Everything from the line containing "using close[of m" through the last line of the data below should be given again exactly, both end lines included and nothing more.

________

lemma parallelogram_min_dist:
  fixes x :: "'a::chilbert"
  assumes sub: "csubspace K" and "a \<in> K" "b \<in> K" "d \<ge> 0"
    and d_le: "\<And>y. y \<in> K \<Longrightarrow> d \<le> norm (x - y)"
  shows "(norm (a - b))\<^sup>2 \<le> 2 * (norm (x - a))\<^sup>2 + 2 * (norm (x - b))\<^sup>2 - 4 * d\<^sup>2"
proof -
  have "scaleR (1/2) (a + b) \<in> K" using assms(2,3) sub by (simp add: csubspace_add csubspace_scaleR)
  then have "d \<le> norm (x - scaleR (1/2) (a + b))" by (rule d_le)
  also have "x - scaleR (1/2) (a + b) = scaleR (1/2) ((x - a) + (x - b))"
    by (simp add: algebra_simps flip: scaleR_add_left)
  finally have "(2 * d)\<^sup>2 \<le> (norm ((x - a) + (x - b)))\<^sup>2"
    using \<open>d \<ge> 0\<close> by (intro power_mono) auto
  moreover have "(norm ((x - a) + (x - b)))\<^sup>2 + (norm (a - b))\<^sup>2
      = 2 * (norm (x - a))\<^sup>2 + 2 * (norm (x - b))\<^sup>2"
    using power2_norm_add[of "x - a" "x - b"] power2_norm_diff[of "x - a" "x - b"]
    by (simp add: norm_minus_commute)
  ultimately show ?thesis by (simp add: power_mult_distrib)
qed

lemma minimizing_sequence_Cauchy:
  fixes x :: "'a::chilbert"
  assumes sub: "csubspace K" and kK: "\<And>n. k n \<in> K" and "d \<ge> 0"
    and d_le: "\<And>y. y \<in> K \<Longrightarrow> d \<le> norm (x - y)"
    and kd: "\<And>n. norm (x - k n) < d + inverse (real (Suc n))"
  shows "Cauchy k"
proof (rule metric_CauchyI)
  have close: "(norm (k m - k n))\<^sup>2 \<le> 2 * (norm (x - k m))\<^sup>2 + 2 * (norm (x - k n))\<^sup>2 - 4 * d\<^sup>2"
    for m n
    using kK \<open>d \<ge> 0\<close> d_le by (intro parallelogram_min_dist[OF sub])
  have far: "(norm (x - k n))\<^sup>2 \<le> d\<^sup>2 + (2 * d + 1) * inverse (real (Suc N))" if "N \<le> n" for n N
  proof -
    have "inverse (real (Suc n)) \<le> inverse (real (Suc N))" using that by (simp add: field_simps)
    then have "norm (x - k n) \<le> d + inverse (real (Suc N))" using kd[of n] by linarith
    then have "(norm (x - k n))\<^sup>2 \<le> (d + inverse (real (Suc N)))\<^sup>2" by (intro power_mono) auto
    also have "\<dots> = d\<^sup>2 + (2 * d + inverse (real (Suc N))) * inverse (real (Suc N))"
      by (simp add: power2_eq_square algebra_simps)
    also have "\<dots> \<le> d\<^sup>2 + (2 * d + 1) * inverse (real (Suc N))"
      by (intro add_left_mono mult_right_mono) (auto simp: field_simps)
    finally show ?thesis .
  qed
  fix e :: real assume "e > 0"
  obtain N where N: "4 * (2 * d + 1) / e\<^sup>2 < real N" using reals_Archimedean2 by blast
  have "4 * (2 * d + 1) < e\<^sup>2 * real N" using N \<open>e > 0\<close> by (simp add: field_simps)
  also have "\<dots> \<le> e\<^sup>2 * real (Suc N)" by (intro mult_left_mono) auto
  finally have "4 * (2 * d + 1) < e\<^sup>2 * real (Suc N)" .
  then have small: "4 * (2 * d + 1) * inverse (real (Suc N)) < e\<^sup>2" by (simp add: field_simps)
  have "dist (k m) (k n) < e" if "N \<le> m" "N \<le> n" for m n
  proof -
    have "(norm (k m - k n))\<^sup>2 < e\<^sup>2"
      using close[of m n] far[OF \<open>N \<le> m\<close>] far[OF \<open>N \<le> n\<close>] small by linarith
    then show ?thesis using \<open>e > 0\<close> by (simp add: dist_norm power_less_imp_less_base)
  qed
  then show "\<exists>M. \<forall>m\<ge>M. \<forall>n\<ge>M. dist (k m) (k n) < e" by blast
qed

________

> RESPONSE AREA:
      using close[of m n] far[OF \<open>N \<le> m\<close>] far[OF \<open>N \<le> n\<close>] small by linarith
    then show ?thesis using \<open>e > 0\<close> by (simp add: dist_norm power_less_imp_less_base)
  qed
  then show "\<exists>M. \<forall>m\<ge>M. \<forall>n\<ge>M. dist (k m) (k n) < e" by blast
qed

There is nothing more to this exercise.